By Andrea Tornielli
“All that is mine is yours” (Lk 15:31), says the father to his eldest son. He is referring not only to material goods but to the sharing of his love and compassion. This is the greatest legacy and wealth of a Christian. Because, instead of measuring ourselves or ranking ourselves according to a moral, social, ethnic or religious status, we know that there is another status that no one can erase or annihilate since it is pure gift: it’s the status of children who are loved, awaited and celebrated by the Father”.
This is one of the reflections that Pope Francis offered today in Rabat during the homily following the proclamation of the Gospel when he spoke of the parable of the merciful Father, better known as that of the prodigal Son. It’s an uncomfortable parable for us today, just as it was for the men and women of past centuries. A parable that is difficult to understand and even more difficult to accept. Why is the Father anxiously awaiting the youngest son who had squandered and wasted half of the paternal riches he had obtained in advance of his inheritance? Why does the Father, with open arms, welcome that foul-smelling son who had reduced himself to tending to the pigs after conducting a dissolute life? Why does he organize a great feast to celebrate his return? Why does he almost stop him from speaking, from acknowledging his sins, from humiliating himself by listing them? Why doesn't he put him in quarantine, order him to do just penance, impose on him a period of re-education as we would have done?
The answer to these questions is within the heart of the message of divine mercy, which is free and superabundant. For God no one is pure or impure, but all are helped to rise if only they allow themselves to be embraced. A God who is not afraid to enter the darkness of sin, who seeks every opportunity to forgive. The divine characteristic of that mercy is far from our pettiness and from our calculations.
Let's confess: we can all see ourselves in the attitude of the eldest son who reacts badly to this gratuitous and overflowing love of the Father for the other son. That younger brother who knew the abyss of sin and came back home, not with the hope of being readmitted to his father's table, but of being with the servants of the house. And instead he was embraced, he went back - undeservedly according to human calculations – to be welcomed as a son, the recipient of a love that had never been interrupted and from which he, and only he, had wanted to recede.

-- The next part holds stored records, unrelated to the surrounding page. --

proposition basepoint_change_iso:
  assumes "path g" "path_image g \<subseteq> X" "pathstart g = a" "pathfinish g = b"
  shows "basepoint_change X g \<in> iso (fundamental_group X a) (fundamental_group X b)"
proof -
  let ?G = "fundamental_group X a" and ?H = "fundamental_group X b"
  have rev: "path (reversepath g)" "path_image (reversepath g) \<subseteq> X"
    "pathstart (reversepath g) = b" "pathfinish (reversepath g) = a"
    using assms by auto
  have image_class: "basepoint_change X g (path_class X p) \<in> path_class X ` loops X b"
    if "p \<in> loops X a" for p
    using that assms by (simp add: basepoint_change_path_class conj_path_loops)
  have "basepoint_change X g \<in> hom ?G ?H"
  proof (rule homI)
    fix x y
    assume "x \<in> carrier ?G" "y \<in> carrier ?G"
    then obtain p q where p: "p \<in> loops X a" "x = path_class X p"
      and q: "q \<in> loops X a" "y = path_class X q"
      by (auto simp: carrier_fundamental_group)
    have "basepoint_change X g (x \<otimes>\<^bsub>?G\<^esub> y) = path_class X (conj_path g (p +++ q))"
      using p q assms by (simp add: fundamental_group_mult join_loops basepoint_change_path_class)
    also have "\<dots> = path_class X (conj_path g p +++ conj_path g q)"
      using p q assms by (intro path_class_eqI homotopic_paths_conj_path_join)
    also have "\<dots> = basepoint_change X g x \<otimes>\<^bsub>?H\<^esub> basepoint_change X g y"
      using p q assms by (simp add: fundamental_group_mult conj_path_loops basepoint_change_path_class)
    finally show "basepoint_change X g (x \<otimes>\<^bsub>?G\<^esub> y)
                  = basepoint_change X g x \<otimes>\<^bsub>?H\<^esub> basepoint_change X g y" .
  qed (auto simp: carrier_fundamental_group image_class)
  moreover have "bij_betw (basepoint_change X g) (carrier ?G) (carrier ?H)"
  proof (rule bij_betw_byWitness)
    show "\<forall>x\<in>carrier ?G. basepoint_change X (reversepath g) (basepoint_change X g x) = x"
      using assms by (auto simp: carrier_fundamental_group basepoint_change_reversepath_cancel)
    show "\<forall>y\<in>carrier ?H. basepoint_change X g (basepoint_change X (reversepath g) y) = y"
      using basepoint_change_reversepath_cancel[OF rev] by (auto simp: carrier_fundamental_group)
    show "basepoint_change X g ` carrier ?G \<subseteq> carrier ?H"
      by (auto simp: carrier_fundamental_group image_class)
    show "basepoint_change X (reversepath g) ` carrier ?H \<subseteq> carrier ?G"
      using rev by (auto simp: carrier_fundamental_group basepoint_change_path_class conj_path_loops)
  qed
  ultimately show ?thesis
    by (simp add: iso_def)
qed
lemma nondecreasing_by_small_steps:
  fixes f :: "real \<Rightarrow> real"
  assumes "a \<le> b" "0 < \<delta>"
    and step: "\<And>s t. a \<le> s \<Longrightarrow> s < t \<Longrightarrow> t \<le> b \<Longrightarrow> t - s < \<delta> \<Longrightarrow> f s \<le> f t"
  shows "f a \<le> f b"
proof -
  obtain n :: nat where n: "(b - a) / \<delta> < real n"
    using reals_Archimedean2 by blast
  then have "0 < n"
    using assms(1,2) by (cases n) (auto simp: divide_less_0_iff)
  define T where "T i = a + (b - a) * real i / real n" for i
  have T_step: "T (Suc i) - T i = (b - a) / real n" for i
    using \<open>0 < n\<close> by (simp add: T_def field_simps)
  have "(b - a) / real n < \<delta>"
    using n \<open>0 < n\<close> assms(2) by (simp add: field_simps)
  have "f a \<le> f (T i)" if "i \<le> n" for i
    using that
  proof (induction i)
    case 0
    then show ?case
      by (simp add: T_def)
  next
    case (Suc i)
    have "a \<le> T i"
      using assms(1) by (simp add: T_def)
    have "(b - a) * real (Suc i) \<le> (b - a) * real n"
      using Suc.prems assms(1) by (intro mult_left_mono) auto
    then have "T (Suc i) \<le> b"
      using \<open>0 < n\<close> by (simp add: T_def field_simps)
    then have "f (T i) \<le> f (T (Suc i))"
    proof (cases "a = b")
      case False
      then have "0 < (b - a) / real n"
        using assms(1) \<open>0 < n\<close> by simp
      then show ?thesis
        using \<open>a \<le> T i\<close> \<open>T (Suc i) \<le> b\<close> T_step[of i] \<open>(b - a) / real n < \<delta>\<close> \<open>0 < n\<close> assms(1)
        by (intro step) auto
    qed (simp add: T_def)
    with Suc show ?case
      by simp
  qed
  from this[of n] \<open>0 < n\<close> show ?thesis
    by (simp add: T_def)
qed

lemma abs_powr_plus_one_increment_le:
  fixes v w :: "real \<Rightarrow> real"
  assumes ftc: "v t - v s = (LINT x:{s<..t}|lborel. w x)"
    and w: "set_integrable lborel {s<..t} w"
    and int: "set_integrable lborel {s<..t} (\<lambda>\<xi>. (\<bar>v \<xi>\<bar> powr p + \<omega>) * \<bar>w \<xi>\<bar>)"
    and p: "0 \<le> p"
    and close: "\<And>\<xi>. s < \<xi> \<Longrightarrow> \<xi> \<le> t \<Longrightarrow> max (\<bar>v s\<bar> powr p) (\<bar>v t\<bar> powr p) \<le> \<bar>v \<xi>\<bar> powr p + \<omega>"
  shows "\<bar>v t\<bar> powr (p + 1) - \<bar>v s\<bar> powr (p + 1)
    \<le> (p + 1) * (LINT \<xi>:{s<..t}|lborel. (\<bar>v \<xi>\<bar> powr p + \<omega>) * \<bar>w \<xi>\<bar>)"
proof -
  let ?m = "max (\<bar>v s\<bar> powr p) (\<bar>v t\<bar> powr p)"
  have m: "0 \<le> ?m"
    by (simp add: le_max_iff_disj)
  have "\<bar>v t\<bar> powr (p + 1) - \<bar>v s\<bar> powr (p + 1) \<le> (p + 1) * ?m * \<bar>v t - v s\<bar>"
    by (rule abs_powr_plus_one_diff_le[OF p])
  also have "\<dots> \<le> (p + 1) * ?m * (LINT \<xi>:{s<..t}|lborel. \<bar>w \<xi>\<bar>)"
    using set_integral_norm_bound[OF w] ftc m p by (intro mult_left_mono) auto
  also have "\<dots> = (p + 1) * (LINT \<xi>:{s<..t}|lborel. ?m * \<bar>w \<xi>\<bar>)"
    by simp
  also have "\<dots> \<le> (p + 1) * (LINT \<xi>:{s<..t}|lborel. (\<bar>v \<xi>\<bar> powr p + \<omega>) * \<bar>w \<xi>\<bar>)"
    using p close int set_integrable_abs[OF w]
    by (intro mult_left_mono set_integral_mono) (auto intro: mult_right_mono)
  finally show ?thesis .
qed
subsection \<open>Counting order-convex windows\<close>

lemma order_convex_superlevel_count:
  fixes W :: "'i \<Rightarrow> 'a::linorder set"
  assumes "finite I" "finite S" "order_convex S"
    and W: "\<And>i. i \<in> I \<Longrightarrow> W i \<subseteq> S \<and> order_convex (W i) \<and> card S < 2 * card (W i)"
  shows "order_convex {k \<in> S. m \<le> card {i \<in> I. k \<in> W i}}"
  unfolding order_convex_def
proof (intro ballI subsetI)
  fix k1 k3 k2
  assume k1: "k1 \<in> {k \<in> S. m \<le> card {i \<in> I. k \<in> W i}}"
    and k3: "k3 \<in> {k \<in> S. m \<le> card {i \<in> I. k \<in> W i}}" and k2: "k2 \<in> {k1..k3}"
  have "k2 \<in> S" using k1 k3 k2 \<open>order_convex S\<close> unfolding order_convex_def by blast
  \<comment> \<open>two windows avoiding k2 on opposite sides would be disjoint, but each has more than half of S\<close>
  have "{i \<in> I. k1 \<in> W i} \<subseteq> {i \<in> I. k2 \<in> W i} \<or> {i \<in> I. k3 \<in> W i} \<subseteq> {i \<in> I. k2 \<in> W i}"
  proof (rule ccontr)
    assume "\<not> ?thesis"
    then obtain i j where i: "i \<in> I" "k1 \<in> W i" "k2 \<notin> W i" and j: "j \<in> I" "k3 \<in> W j" "k2 \<notin> W j"
      by blast
    then have "k1 < k2" "k2 < k3" using k2 by (auto simp: le_less)
    then have "W i \<subseteq> {..<k2}" "W j \<subseteq> {k2<..}"
      using W i j order_convex_subset_lessThan[of "W i" k1 k2]
        order_convex_subset_greaterThan[of "W j" k3 k2] by blast+
    then have "W i \<inter> W j = {}" by fastforce
    moreover have "finite (W i)" "finite (W j)"
      using W i j \<open>finite S\<close> by (meson finite_subset)+
    ultimately have "card (W i) + card (W j) = card (W i \<union> W j)"
      by (simp add: card_Un_disjoint)
    also have "\<dots> \<le> card S"
      using W i j \<open>finite S\<close> by (intro card_mono) auto
    finally show False using W[OF \<open>i \<in> I\<close>] W[OF \<open>j \<in> I\<close>] by linarith
  qed
  then have "card {i \<in> I. k1 \<in> W i} \<le> card {i \<in> I. k2 \<in> W i} \<or>
      card {i \<in> I. k3 \<in> W i} \<le> card {i \<in> I. k2 \<in> W i}"
    using \<open>finite I\<close> by (auto intro: card_mono)
  then show "k2 \<in> {k \<in> S. m \<le> card {i \<in> I. k \<in> W i}}"
    using k1 k3 \<open>k2 \<in> S\<close> by auto
qed

lemma superlevel_count_gap:
  fixes W :: "'i \<Rightarrow> nat set"
  assumes "finite I" "card I < 2 * m"
    and W: "\<And>i. i \<in> I \<Longrightarrow> finite (W i) \<and> order_convex (W i) \<and> card (W i) \<le> n"
  shows "\<not> (m \<le> card {i \<in> I. k \<in> W i} \<and> m \<le> card {i \<in> I. k + n \<in> W i})"
proof
  assume superlevel: "m \<le> card {i \<in> I. k \<in> W i} \<and> m \<le> card {i \<in> I. k + n \<in> W i}"
  have "\<not> (k \<in> W i \<and> k + n \<in> W i)" if "i \<in> I" for i
    using W[OF that] order_convex_card_gt[of "W i" k n] by auto
  then have "{i \<in> I. k \<in> W i} \<inter> {i \<in> I. k + n \<in> W i} = {}"
    by blast
  then have "card {i \<in> I. k \<in> W i} + card {i \<in> I. k + n \<in> W i}
      = card ({i \<in> I. k \<in> W i} \<union> {i \<in> I. k + n \<in> W i})"
    using \<open>finite I\<close> by (simp add: card_Un_disjoint)
  also have "\<dots> \<le> card I"
    using \<open>finite I\<close> by (intro card_mono) auto
  finally show False using superlevel \<open>card I < 2 * m\<close> by linarith
qed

In this parable, which is so difficult to accept for so many of us “elder sons and daughters” that consider ourselves superior and “in the right”, so different from “impure” sinners, there is a great teaching. The eldest son is called to participate in the feast for his ‘found again’ brother and he is called, above all, to acknowledge that his greatest inheritance and wealth is in being part of – and trying to make his own - this infinite mercy.